▶ Task item:
Set down word for word the lines that begin the entries and run through the line containing "real \<Rightarrow> 'a::topological_space". Give nothing further.

§ §

text \<open>The tube lemma: the sections \<open>H(l,-)\<close> avoid the closed set \<open>-U\<close> on \<open>K\<close> exactly for \<open>l\<close>
  outside the projection of a compact subset of \<open>[0,1] \<times> K\<close>.\<close>
lemma pathin_Gamma_homotopy:
  fixes H :: "real \<times> real \<Rightarrow> 'a::topological_space \<times> real"
  assumes H: "continuous_on ({0..1} \<times> A) H"
    and sec: "\<And>l. l \<in> {0..1} \<Longrightarrow> restrict (\<lambda>t. H (l,t)) A \<in> sections P A"
  shows "pathin (Gamma P A) (\<lambda>l. restrict (\<lambda>t. H (l,t)) A)"
  unfolding pathin_def Gamma_def compact_open_def
proof (rule continuous_on_generated_topo)
  let ?g = "\<lambda>l. restrict (\<lambda>t. H (l,t)) A"
  show "?g ` topspace (top_of_set {0..1})
      \<subseteq> \<Union> {{f \<in> sections P A. f ` K \<subseteq> U} | K U. K \<subseteq> A \<and> compact K \<and> open U}"
  proof
    fix g
    assume "g \<in> ?g ` topspace (top_of_set {0..1})"
    then have "g \<in> sections P A" using sec by auto
    then show "g \<in> \<Union> {{f \<in> sections P A. f ` K \<subseteq> U} | K U. K \<subseteq> A \<and> compact K \<and> open U}"
      using sections_mem_compact_open_basis[of P A] by blast
  qed
  fix W
  assume "W \<in> {{f \<in> sections P A. f ` K \<subseteq> U} | K U. K \<subseteq> A \<and> compact K \<and> open U}"
  then obtain K U where W: "W = {f \<in> sections P A. f ` K \<subseteq> U}"
    and K: "K \<subseteq> A" "compact K" and U: "open U"
    by blast
  define S where "S = ({0..1} \<times> K) \<inter> H -` (- U)"
  have "compact ({0..1::real} \<times> K)"
    using K(2) by (intro compact_Times) auto
  moreover have "closed S"
    unfolding S_def
  proof (rule continuous_closed_preimage)
    show "continuous_on ({0..1} \<times> K) H"
      using H by (rule continuous_on_subset) (use K(1) in auto)
  qed (use \<open>compact ({0..1} \<times> K)\<close> U in \<open>auto intro: compact_imp_closed\<close>)
  ultimately have "compact S"
    using compact_Int_closed[of "{0..1} \<times> K" S] unfolding S_def by (simp add: Int_absorb1)
  then have "closed (fst ` S)"
    by (intro compact_imp_closed compact_continuous_image continuous_intros)
  have eq: "?g -` W \<inter> topspace (top_of_set {0..1}) = {0..1} \<inter> - (fst ` S)"
  proof (intro set_eqI iffI)
    fix l
    assume l: "l \<in> ?g -` W \<inter> topspace (top_of_set {0..1})"
    then have "\<forall>k\<in>K. H (l,k) \<in> U"
      using K(1) unfolding W by auto
    with l show "l \<in> {0..1} \<inter> - (fst ` S)"
      unfolding S_def by auto
  next
    fix l
    assume l: "l \<in> {0..1} \<inter> - (fst ` S)"
    have "H (l,k) \<in> U" if "k \<in> K" for k
    proof (rule ccontr)
      assume "H (l,k) \<notin> U"
      with l that have "(l,k) \<in> S"
        unfolding S_def by auto
      then have "l \<in> fst ` S"
        by (rule rev_image_eqI) simp
      with l show False by auto
    qed
    then show "l \<in> ?g -` W \<inter> topspace (top_of_set {0..1})"
      using l sec K(1) unfolding W by auto
  qed
  show "openin (top_of_set {0..1}) (?g -` W \<inter> topspace (top_of_set {0..1}))"
    unfolding eq using \<open>closed (fst ` S)\<close> by (intro openin_open_Int open_Compl)
qed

§ §

▶ Exercise solution:
text \<open>The tube lemma: the sections \<open>H(l,-)\<close> avoid the closed set \<open>-U\<close> on \<open>K\<close> exactly for \<open>l\<close>
  outside the projection of a compact subset of \<open>[0,1] \<times> K\<close>.\<close>
lemma pathin_Gamma_homotopy:
  fixes H :: "real \<times> real \<Rightarrow> 'a::topological_space \<times> real"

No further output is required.